Beijing gives villages in India Chinese names as it seeks to expand in contested borderlands

Beijing gives villages in India Chinese names as it seeks to expand in contested borderlands - MONEY SHARMA /AFP
Beijing gives villages in India Chinese names as it seeks to expand in contested borderlands - MONEY SHARMA /AFP

Beijing has given Chinese names to 15 villages within the Indian territory in the disputed border region of Arunachal Pradesh to assert sovereignty over them, the Ministry of Civil Affairs has announced.

The government said it had "standardised" the names of 15 places in 'South Tibet' - Beijing's title for the region India calls Arunachal Pradesh - and gave them all formal Chinese names.

India has hit back at China for giving “invented” names to these villages, saying it would not alter their factual position.

“People in Arunachal Pradesh are really angry with the activities of China along the border. China has no authority to rename our territory,” BJP Member of Parliament Tapir Gao, from Arunachal Pradesh, told the Daily Telegraph.

"We condemn and reject renaming of our villages by China,” he said.

Tensions have been ramping up along the Line of Actual Control (LAC) that separates the superpowers since May 2020, when soldiers from each side engaged in hand-to-hand combat and beat each other with nail-studded bats. At least 20 soldiers died in the skirmishes.

India’s Ministry of External Affairs hit back and said, "Arunachal Pradesh has always been, and will always be an integral part of India. Assigning invented names to places in Arunachal Pradesh does not alter this fact."

Beijing gives villages in India Chinese names as it seeks to expand in contested borderlands - SAM PANTHAKY /AFP
Beijing gives villages in India Chinese names as it seeks to expand in contested borderlands - SAM PANTHAKY /AFP

On October 24th, China passed a new law that essentially empowers the state to improve infrastructure in border areas and enable the settlement of people. It will come into effect from 1st January. India sees China's new Land Borders Law as hardening Beijing's position.

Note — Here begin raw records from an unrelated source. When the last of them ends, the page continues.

(* Let $X$ be a Dedekind complete Riesz space and let $x,y,v,w\in X^{s}_{+}$ with $x\wedge y=0$ and $v\wedge w=0$. Then $$(x+v)\wedge(y+w)=x\wedge w+y\wedge v,$$ and the two summands $x\wedge w$ and $y\wedge v$ are disjoint.
   Context: For a Dedekind complete Riesz space $X$, its sup-completion $X^{s}$ is the set of classes of nonempty upward directed subsets of $X$ under $A\sim B$ iff $\sup_{a\in A}(x\wedge a)=\sup_{b\in B}(x\wedge b)$ for all $x\in X$, with the induced addition, nonnegative scalar multiplication and order; $X\subseteq X^{s}$. It is a lattice-ordered cone in which every nonempty subset has a supremum; $X^s_+=\{x\in X^s:x\ge0\}$; elements $a,b\in X^s_+$ are disjoint if $a\wedge b=0$. *)

theory Defs
  imports Complex_Main
begin

class dc_riesz_space = ordered_real_vector + conditionally_complete_lattice

definition updir :: "'a::order set \<Rightarrow> bool" where
  "updir A \<longleftrightarrow> A \<noteq> {} \<and> (\<forall>a\<in>A. \<forall>b\<in>A. \<exists>c\<in>A. a \<le> c \<and> b \<le> c)"

definition sc_rel :: "'a::dc_riesz_space set \<Rightarrow> 'a set \<Rightarrow> bool" where
  "sc_rel A B \<longleftrightarrow> (\<forall>x. (SUP a\<in>A. inf x a) = (SUP b\<in>B. inf x b))"

text \<open>The sup-completion: equivalence classes of nonempty upward directed sets.\<close>
typedef (overloaded) 'a supc =
  "{C. \<exists>A. updir A \<and> C = {B. updir B \<and> sc_rel A B}} :: 'a::dc_riesz_space set set set"
proof -
  have "updir {0::'a}" by (simp add: updir_def)
  then show ?thesis by blast
qed

definition sc_class :: "'a::dc_riesz_space set \<Rightarrow> 'a supc" where
  "sc_class A = Abs_supc {B. updir B \<and> sc_rel A B}"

“This is the latest in a series of Chinese provocations against India," one of India's leading strategic analysts on China, Brahma Challaney told Daily Telegraph.

"By inventing the name 'South Tibet' for India's Arunachal Pradesh state in 2006, China underlined the core issue in its ties with India — the Chinese occupation of Tibet.”

China’s Foreign Ministry spokesman Zhao Lijian said "Southern Tibet is in China's Tibet Autonomous Region, and has historically been Chinese territory," adding the renaming came within "the scope of China's sovereignty".

The new law calls China's sovereignty and territorial integrity "sacred and inviolable" and enables Beijing to "take measures to safeguard the territorial integrity and land boundaries and guard against and combat any act that undermines territorial sovereignty and land boundaries."

As many as 50,000 Indian soldiers will stay on the border over the harsh winter for a second consecutive year amidst heightened tensions between the two countries.

Military sources said China has added a multiple launch rocket system and three additional artillery positions along the LAC near strategically important Siliguri Corridor, a narrow stretch of land (known as chicken’s neck) that links India’s northeastern states to the rest of India.